Восьмилетняя Бетани Миллс всегда вела себя очень непосредственно и свободно. Для неё не существовало никаких авторитетов, и она никогда не извинялась за озорство и непослушание. Однако она была очень доброй, стремилась со всеми подружиться и расстраивалась, если кто-то не хотел дружить с ней. Её интересовало мнение только одного человека — её брата. Она даже старалась копировать его сдержанность, выпрямляла спину в его присутствии и следовала общепринятым правилам. Вряд ли она сама до конца сознавала, почему так: из любви ли или из потребности защитить того, кто слабее.
— Чего нам ждать? — со смехом спросил Голд у Генри. — Мне стоит опасаться?
— Здесь всегда стоит опасаться, — ответил Генри. — Рад тебя видеть, Чарли!
— И я!
Генри обнял Брайанта, а потом, минуту поколебавшись, и Голда. Для последнего это было очень неожиданно, потому он крайне неловко ответил внуку. Когда Генри перекинулся парочкой слов с каждым, то присоединился к Чарльзу и Голду в гостиной. Пусть не напрямую, но беседа, которая завязалась на террасе, продолжилась. Генри же проявил интерес только потому, что не хотел участвовать в женской беседе. Роланд на него слегка обиделся и полностью отвлёкся на племянника, с Адамом общих тем он никогда не находил, а Альберт непринуждённо игнорировал всех вокруг и его, Генри, в особенности.
Генри едва ли улавливал те частности, о которых шла речь, и позже стал выражать свои либеральные идеи. Голд и Чарли слушали его со скучающим видом как люди, безразличные к политике, и потягивали бурбон. Позже, привлечённый спокойствием общей атмосферы и наличием бара, к ним присоединился Альберт.

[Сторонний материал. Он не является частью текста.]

lemma tendsto_dist_scale:
  assumes "(\<lambda>n. d x (Y n)) \<longlonglongrightarrow> 0"
  shows "(\<lambda>n. d (sc u x) (sc u (Y n))) \<longlonglongrightarrow> 0"
proof -
  have "limitin D.mtopology Y x sequentially"
    using assms by (simp add: D.limitin_metric_dist_null D.commute)
  then have "limitin D.mtopology (sc u \<circ> Y) (sc u x) sequentially"
    by (rule continuous_map_limit[OF metric_vector_space_continuous_map_scale[OF metric_vector_space]])
  then show ?thesis
    by (simp add: D.limitin_metric_dist_null D.commute o_def)
qed

lemma averaged_dist_tendsto_zero:
  assumes "(\<lambda>n. d x (Y n)) \<longlonglongrightarrow> 0"
  shows "(\<lambda>n. d\<^sub>0 x (Y n)) \<longlonglongrightarrow> 0"
proof -
  obtain K where K: "\<And>n. d x (Y n) \<le> K"
    using convergent_imp_Bseq[OF convergentI[OF assms]] by (auto simp: Bseq_def)
  have "(\<lambda>n. \<integral>u. d (sc u x) (sc u (Y n)) \<partial>M) \<longlonglongrightarrow> (\<integral>u. 0 \<partial>M)"
  proof (rule integral_dominated_convergence[where w = "\<lambda>_. \<bar>C1\<bar> * K + (C2 + C3)"])
    show "AE u in M. (\<lambda>n. d (sc u x) (sc u (Y n))) \<longlonglongrightarrow> 0"
      using assms by (simp add: tendsto_dist_scale)
    have bound: "C1 * d x (Y n) \<le> \<bar>C1\<bar> * K" for n
      by (rule order_trans[OF mult_right_mono[OF abs_ge_self D.nonneg] mult_left_mono[OF K abs_ge_zero]])
    show "AE u in M. norm (d (sc u x) (sc u (Y n))) \<le> \<bar>C1\<bar> * K + (C2 + C3)" for n
    proof (rule AE_I2)
      fix u
      assume "u \<in> space M"
      then show "norm (d (sc u x) (sc u (Y n))) \<le> \<bar>C1\<bar> * K + (C2 + C3)"
        using dist_scale_bounds(2)[OF \<open>u \<in> space M\<close>, of x "Y n"] bound[of n]
        by (simp only: real_norm_def abs_of_nonneg[OF D.nonneg])
    qed
  qed (simp_all add: borel_measurable_dist_scale)
  then show ?thesis
    by (simp add: averaged_dist_eq)
qed

lemma dist_tendsto_zero_subseq:
  assumes "(\<lambda>n. d\<^sub>0 x (Y n)) \<longlonglongrightarrow> 0"
  shows "\<exists>r. strict_mono r \<and> (\<lambda>n. d x (Y (r n))) \<longlonglongrightarrow> 0"
proof -
  have "norm (d a b) = d a b" for a b
    by (simp add: D.nonneg)
  with assms have "(\<lambda>n. \<integral>u. norm (d (sc u x) (sc u (Y n))) \<partial>M) \<longlonglongrightarrow> 0"
    by (simp only: averaged_dist_eq)
  then obtain r where "strict_mono r"
    and ae: "AE u in M. (\<lambda>n. d (sc u x) (sc u (Y (r n)))) \<longlonglongrightarrow> 0"
    using tendsto_L1_AE_subseq[of M "\<lambda>n u. d (sc u x) (sc u (Y n))", OF integrable_dist_scale]
    by blast
  obtain u where u: "u \<in> space M" and lim: "(\<lambda>n. d (sc u x) (sc u (Y (r n)))) \<longlonglongrightarrow> 0"
    using AE_imp_ex[OF ae] by blast
  from lim have "(\<lambda>n. d (sc (inverse u) (sc u x)) (sc (inverse u) (sc u (Y (r n))))) \<longlonglongrightarrow> 0"
    by (rule tendsto_dist_scale[of _ "\<lambda>n. sc u (Y (r n))"])
  then have "(\<lambda>n. d x (Y (r n))) \<longlonglongrightarrow> 0"
    by (simp only: left_vector_space_scale_inverse[OF left_vector_space space_nonzero[OF u]])
  with \<open>strict_mono r\<close> show ?thesis
    by (intro exI[of _ r] conjI)
qed

lemma mtopology_averaged_dist: "Metric_space.mtopology UNIV d\<^sub>0 = D.mtopology"
proof -
  have "continuous_map D.mtopology (Metric_space.mtopology UNIV d\<^sub>0) id"
  proof (rule continuous_map_id_mtopology_if_null_subseq[OF D.Metric_space_axioms Metric_space_averaged_dist])
    fix x Y
    assume "(\<lambda>n. d x (Y n)) \<longlonglongrightarrow> 0"
    then have "(\<lambda>n. d\<^sub>0 x (Y n)) \<longlonglongrightarrow> 0"
      by (rule averaged_dist_tendsto_zero)
    then show "\<exists>r. strict_mono r \<and> (\<lambda>n. d\<^sub>0 x (Y (r n))) \<longlonglongrightarrow> 0"
      by (intro exI[of _ id]) (simp add: strict_mono_id)
  qed
  moreover have "continuous_map (Metric_space.mtopology UNIV d\<^sub>0) D.mtopology id"
    by (rule continuous_map_id_mtopology_if_null_subseq[OF Metric_space_averaged_dist D.Metric_space_axioms
          dist_tendsto_zero_subseq])
  ultimately have "homeomorphic_maps D.mtopology (Metric_space.mtopology UNIV d\<^sub>0) id id"
    by (simp add: homeomorphic_maps_def)
  then have "homeomorphic_map D.mtopology (Metric_space.mtopology UNIV d\<^sub>0) id"
    using homeomorphic_map_maps by blast
  then show ?thesis
    by (simp only: homeomorphic_map_id)
qed

end

theorem lemma2:
  fixes sc :: "'k::real_normed_div_algebra \<Rightarrow> 'e::ab_group_add \<Rightarrow> 'e"
    and d :: "'e \<Rightarrow> 'e \<Rightarrow> real"
    and M :: "'k measure"
    and C0 C1 C2 C3 :: real
  assumes "metric_vector_space sc d"
    and "right_haar_prob M"
    and "C1 \<ge> 1" and "C2 \<ge> 0" and "C3 \<ge> 0"
    and "translation_invariant C0 d"
    and "lipschitz_multiplicative C1 C2 C3 sc d"
  shows "Metric_space UNIV (averaged_dist M sc d)
    \<and> lipschitz_equivalent C1 (C2 + C3) (averaged_dist M sc d) d
    \<and> translation_invariant C0 (averaged_dist M sc d)
    \<and> lipschitz_multiplicative C1 C2 C3 sc (averaged_dist M sc d)
    \<and> Metric_space.mtopology UNIV (averaged_dist M sc d) = Metric_space.mtopology UNIV d"
proof -
  interpret sphere_averaging sc d M C1 C2 C3
    using assms(1,2,7) by (rule sphere_averaging.intro)
  show ?thesis
    using Metric_space_averaged_dist lipschitz_equivalent_averaged_dist
      translation_invariant_averaged_dist[OF assms(6)] lipschitz_multiplicative_averaged_dist
      mtopology_averaged_dist
    by (intro conjI)
qed

end
text \<open>Moments converge along the sequence, since on \<open>[-1,1]\<close> the power \<open>x\<^sup>k\<close>
  coincides with the bounded continuous function \<open>clamp x ^ k\<close>.\<close>
lemma weak_limit_moments: "(\<lambda>n. integral\<^sup>L (\<nu> n) (\<lambda>x. x^k)) \<longlonglongrightarrow> integral\<^sup>L M (\<lambda>x. x^k)"
proof -
  have clamp_eq: "integral\<^sup>L N (\<lambda>x. x^k) = integral\<^sup>L N (\<lambda>x. clamp x ^ k)"
    if "AE x in N. x \<in> {-1..1}" "sets N = sets borel" for N :: "real measure"
  proof (rule integral_cong_AE)
    show "AE x in N. x^k = clamp x ^ k" using that(1) by (rule eventually_mono) (simp add: clamp_id)
    have meas: "measurable N borel = borel_measurable borel"
      by (rule measurable_cong_sets[OF that(2) refl])
    show "(\<lambda>x. x^k) \<in> borel_measurable N" unfolding meas by measurable
    show "(\<lambda>x. clamp x ^ k) \<in> borel_measurable N" unfolding meas by measurable
  qed
  have "(\<lambda>n. integral\<^sup>L (\<nu> n) (\<lambda>x. clamp x ^ k)) \<longlonglongrightarrow> integral\<^sup>L M (\<lambda>x. clamp x ^ k)"
  proof (rule weak_limit_integral)
    fix x show "isCont (\<lambda>x. clamp x ^ k) x" by (intro continuous_intros isCont_clamp)
    show "\<bar>clamp x ^ k\<bar> \<le> 1" by (simp add: clamp_def power_abs power_le_one)
  qed
  moreover have "integral\<^sup>L (\<nu> n) (\<lambda>x. x^k) = integral\<^sup>L (\<nu> n) (\<lambda>x. clamp x ^ k)" for n
    by (rule clamp_eq[OF in_interval real_distribution.events_eq_borel[OF distr]])
  moreover have "integral\<^sup>L M (\<lambda>x. x^k) = integral\<^sup>L M (\<lambda>x. clamp x ^ k)"
    by (rule clamp_eq[OF weak_limit_in_interval real_distribution.events_eq_borel[OF M]])
  ultimately show ?thesis by simp
qed

end
lemma norm_affine_sq_mult_expand:
  fixes a u :: "real^'n" and B :: "real^'n^'n" and x :: real
  shows "(norm (a + B *v u))\<^sup>2 * x = (\<Sum>i\<in>UNIV. (a $ i)\<^sup>2 * x
      + 2 * a $ i * (\<Sum>j\<in>UNIV. B $ i $ j * (u $ j * x))
      + (\<Sum>j\<in>UNIV. \<Sum>l\<in>UNIV. B $ i $ j * B $ i $ l * (u $ j * u $ l * x)))"
proof -
  have "(norm (a + B *v u))\<^sup>2 * x = (\<Sum>i\<in>UNIV. (a $ i + (\<Sum>j\<in>UNIV. B $ i $ j * u $ j))\<^sup>2 * x)"
    by (simp add: norm_real_vec_sq matrix_vector_mult_def sum_distrib_right)
  also have "\<dots> = (\<Sum>i\<in>UNIV. (a $ i)\<^sup>2 * x
      + 2 * a $ i * (\<Sum>j\<in>UNIV. B $ i $ j * (u $ j * x))
      + (\<Sum>j\<in>UNIV. \<Sum>l\<in>UNIV. B $ i $ j * B $ i $ l * (u $ j * u $ l * x)))"
  proof (rule sum.cong[OF refl])
    fix i
    let ?S = "\<Sum>j\<in>UNIV. B $ i $ j * u $ j"
    have "(a $ i + ?S)\<^sup>2 * x = (a $ i)\<^sup>2 * x + 2 * a $ i * (?S * x) + (?S * ?S) * x"
      by (simp add: power2_eq_square algebra_simps)
    then show "(a $ i + ?S)\<^sup>2 * x = (a $ i)\<^sup>2 * x
      + 2 * a $ i * (\<Sum>j\<in>UNIV. B $ i $ j * (u $ j * x))
      + (\<Sum>j\<in>UNIV. \<Sum>l\<in>UNIV. B $ i $ j * B $ i $ l * (u $ j * u $ l * x))"
      unfolding sum_product
      by (simp add: sum_distrib_right sum_distrib_left mult.commute mult.left_commute)
  qed
  finally show ?thesis .
qed

lemma has_bochner_integral_norm_affine_sq_mult:
  fixes s :: "(real^'n) measure" and a :: "real^'n" and B :: "real^'n^'n"
  assumes "has_bochner_integral s v c0"
    and "\<And>j. has_bochner_integral s (\<lambda>u. u $ j * v u) 0"
    and "\<And>j l. has_bochner_integral s (\<lambda>u. u $ j * u $ l * v u) (if j = l then c j else 0)"
  shows "has_bochner_integral s (\<lambda>u. (norm (a + B *v u))\<^sup>2 * v u)
           (c0 * (norm a)\<^sup>2 + (\<Sum>i\<in>UNIV. \<Sum>j\<in>UNIV. (B $ i $ j)\<^sup>2 * c j))"
proof -
  have "has_bochner_integral s (\<lambda>u. (norm (a + B *v u))\<^sup>2 * v u)
      (\<Sum>i\<in>UNIV. (a $ i)\<^sup>2 * c0 + 2 * a $ i * (\<Sum>j\<in>UNIV. B $ i $ j * 0)
        + (\<Sum>j\<in>UNIV. \<Sum>l\<in>UNIV. B $ i $ j * B $ i $ l * (if j = l then c j else 0)))"
    unfolding norm_affine_sq_mult_expand
    using assms by (intro has_bochner_integral_sum has_bochner_integral_add
        has_bochner_integral_mult_right) auto
  moreover have "(\<Sum>l\<in>UNIV. B $ i $ j * B $ i $ l * (if j = l then c j else 0))
      = (B $ i $ j)\<^sup>2 * c j" for i j
    by (simp add: power2_eq_square if_distrib[of "\<lambda>x. _ * x"] cong: if_cong)
  ultimately show ?thesis
    by (simp add: sum.distrib norm_real_vec_sq sum_distrib_left mult.commute)
qed

lemma sum_if_eq_const:
  "(\<Sum>k\<in>(UNIV::'n::finite set). if j = k then \<kappa> else 1) = real CARD('n) + \<kappa> - 1"
proof -
  have "(\<Sum>k\<in>(UNIV::'n set). if j = k then \<kappa> else 1)
      = (\<Sum>k\<in>(UNIV::'n set). 1 + (if j = k then \<kappa> - 1 else 0))"
    by (rule sum.cong) auto
  then show ?thesis by (simp add: sum.distrib)
qed

lemma has_bochner_integral_standardized_norm_affine_sq:
  fixes s :: "(real^'n) measure" and a :: "real^'n" and B :: "real^'n^'n"
  assumes st: "standardized s" and fm: "fourth_moment s \<kappa>"
  shows "has_bochner_integral s (\<lambda>u. (norm (a + B *v u))\<^sup>2) ((norm a)\<^sup>2 + (frob_norm B)\<^sup>2)"
proof -
  note monomial = has_bochner_integral_standardized_monomial3[OF st fm]
  have "has_bochner_integral s (\<lambda>u. (norm (a + B *v u))\<^sup>2 * 1)
      (1 * (norm a)\<^sup>2 + (\<Sum>i\<in>UNIV. \<Sum>j\<in>UNIV. (B $ i $ j)\<^sup>2 * 1))"
  proof (rule has_bochner_integral_norm_affine_sq_mult)
    fix j l
    show "has_bochner_integral s (\<lambda>_. 1::real) 1"
      using monomial[of 0 0 0 j j j] by (simp add: std_moment_def)
    show "has_bochner_integral s (\<lambda>u. u $ j * 1) 0"
      using monomial[of 1 0 0 j j j] by (simp add: std_moment_def)
    show "has_bochner_integral s (\<lambda>u. u $ j * u $ l * 1) (if j = l then 1 else 0)"
      using monomial[of 1 1 0 j l j] by (cases "j = l") (auto simp: std_moment_def insert_absorb)
  qed
  then show ?thesis by (simp add: frob_norm_sq)
qed

lemma has_bochner_integral_standardized_norm_affine_sq_mult_sq:
  fixes s :: "(real^'n) measure" and a :: "real^'n" and B :: "real^'n^'n"
  assumes st: "standardized s" and fm: "fourth_moment s \<kappa>"
  shows "has_bochner_integral s (\<lambda>u. (norm (a + B *v u))\<^sup>2 * (u $ k)\<^sup>2)
      ((norm a)\<^sup>2 + (\<Sum>i\<in>UNIV. \<Sum>j\<in>UNIV. (B $ i $ j)\<^sup>2 * (if j = k then \<kappa> else 1)))"
proof -
  note monomial = has_bochner_integral_standardized_monomial3[OF st fm]
  have "has_bochner_integral s (\<lambda>u. (norm (a + B *v u))\<^sup>2 * (u $ k)\<^sup>2)
      (1 * (norm a)\<^sup>2 + (\<Sum>i\<in>UNIV. \<Sum>j\<in>UNIV. (B $ i $ j)\<^sup>2 * (if j = k then \<kappa> else 1)))"
  proof (rule has_bochner_integral_norm_affine_sq_mult)
    fix j l
    show "has_bochner_integral s (\<lambda>u. (u $ k)\<^sup>2) 1"
      using monomial[of 0 0 2 k k k] by (simp add: std_moment_def)
    show "has_bochner_integral s (\<lambda>u. u $ j * (u $ k)\<^sup>2) 0"
      using monomial[of 1 0 2 j j k] by (cases "j = k") (auto simp: std_moment_def)
    show "has_bochner_integral s (\<lambda>u. u $ j * u $ l * (u $ k)\<^sup>2)
        (if j = l then (if j = k then \<kappa> else 1) else 0)"
      using monomial[of 1 1 2 j l k]
      by (cases "j = l"; cases "j = k"; cases "l = k") (auto simp: std_moment_def insert_absorb)
  qed
  then show ?thesis by simp
qed

lemma has_bochner_integral_standardized_norm_affine_sq_weight:
  fixes s :: "(real^'n) measure" and a :: "real^'n" and B :: "real^'n^'n"
  assumes st: "standardized s" and fm: "fourth_moment s \<kappa>"
  shows "has_bochner_integral s (\<lambda>u. (norm (a + B *v u))\<^sup>2 * (1 + (norm u)\<^sup>2))
    ((real CARD('n) + 1) * (norm a)\<^sup>2 + (real CARD('n) + \<kappa>) * (frob_norm B)\<^sup>2)"
proof -
  have "(\<Sum>k\<in>UNIV. \<Sum>i\<in>UNIV. \<Sum>j\<in>UNIV. (B $ i $ j)\<^sup>2 * (if j = k then \<kappa> else 1))
      = (\<Sum>i\<in>UNIV. \<Sum>j\<in>UNIV. \<Sum>k\<in>UNIV. (B $ i $ j)\<^sup>2 * (if j = k then \<kappa> else 1))"
    by (subst sum.swap) (rule sum.cong[OF refl], rule sum.swap)
  also have "\<dots> = (frob_norm B)\<^sup>2 * (real CARD('n) + \<kappa> - 1)"
    by (simp add: frob_norm_sq sum_distrib_left[symmetric] sum_if_eq_const sum_distrib_right)
  finally have value_eq: "((norm a)\<^sup>2 + (frob_norm B)\<^sup>2)
      + (\<Sum>k\<in>UNIV. (norm a)\<^sup>2
          + (\<Sum>i\<in>UNIV. \<Sum>j\<in>UNIV. (B $ i $ j)\<^sup>2 * (if j = k then \<kappa> else 1)))
      = (real CARD('n) + 1) * (norm a)\<^sup>2 + (real CARD('n) + \<kappa>) * (frob_norm B)\<^sup>2"
    unfolding sum.distrib by (simp add: algebra_simps)
  have integrand_eq: "(\<lambda>u. (norm (a + B *v u))\<^sup>2 * (1 + (norm u)\<^sup>2))
      = (\<lambda>u. (norm (a + B *v u))\<^sup>2 + (\<Sum>k\<in>UNIV. (norm (a + B *v u))\<^sup>2 * (u $ k)\<^sup>2))"
    by (simp only: norm_real_vec_sq[of u for u] distrib_left sum_distrib_left mult_1_right)
  show ?thesis
    unfolding integrand_eq value_eq[symmetric]
    by (intro has_bochner_integral_add has_bochner_integral_sum
        has_bochner_integral_standardized_norm_affine_sq[OF st fm]
        has_bochner_integral_standardized_norm_affine_sq_mult_sq[OF st fm])
qed

lemma nn_integral_standardized_norm_affine_sq_weight:
  fixes s :: "(real^'n) measure" and a :: "real^'n" and B :: "real^'n^'n"
  assumes "standardized s" and "fourth_moment s \<kappa>"
  shows "(\<integral>\<^sup>+ u. ennreal ((norm (a + B *v u))\<^sup>2 * (1 + (norm u)\<^sup>2)) \<partial>s)
    = ennreal ((real CARD('n) + 1) * (norm a)\<^sup>2 + (real CARD('n) + \<kappa>) * (frob_norm B)\<^sup>2)"
  using has_bochner_integral_standardized_norm_affine_sq_weight[OF assms, of a B]
  by (subst nn_integral_eq_integral) (auto simp: has_bochner_integral_iff)

lemma norm_grad_w_sq:
  assumes "\<forall>y. f differentiable (at y)"
  shows "(norm (grad_w f u (m, C)))\<^sup>2 = (norm (grad f (Tw (m, C) u)))\<^sup>2 * (1 + (norm u)\<^sup>2)"
  unfolding grad_w_eq[OF assms] norm_Pair_outer_sq ..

— Ты не прав, — тут же заявил он, обращаясь к Генри.
— Вот так сразу? В чём же?
— Ты идеализируешь одно и совершенно не берёшь в расчёт положительные качества другого. Это особенно смешно, потому что не имея представления, ты искренне убеждён, что что-то решаешь. Политика, Генри, — дело грязное. Особенно для таких, как ты.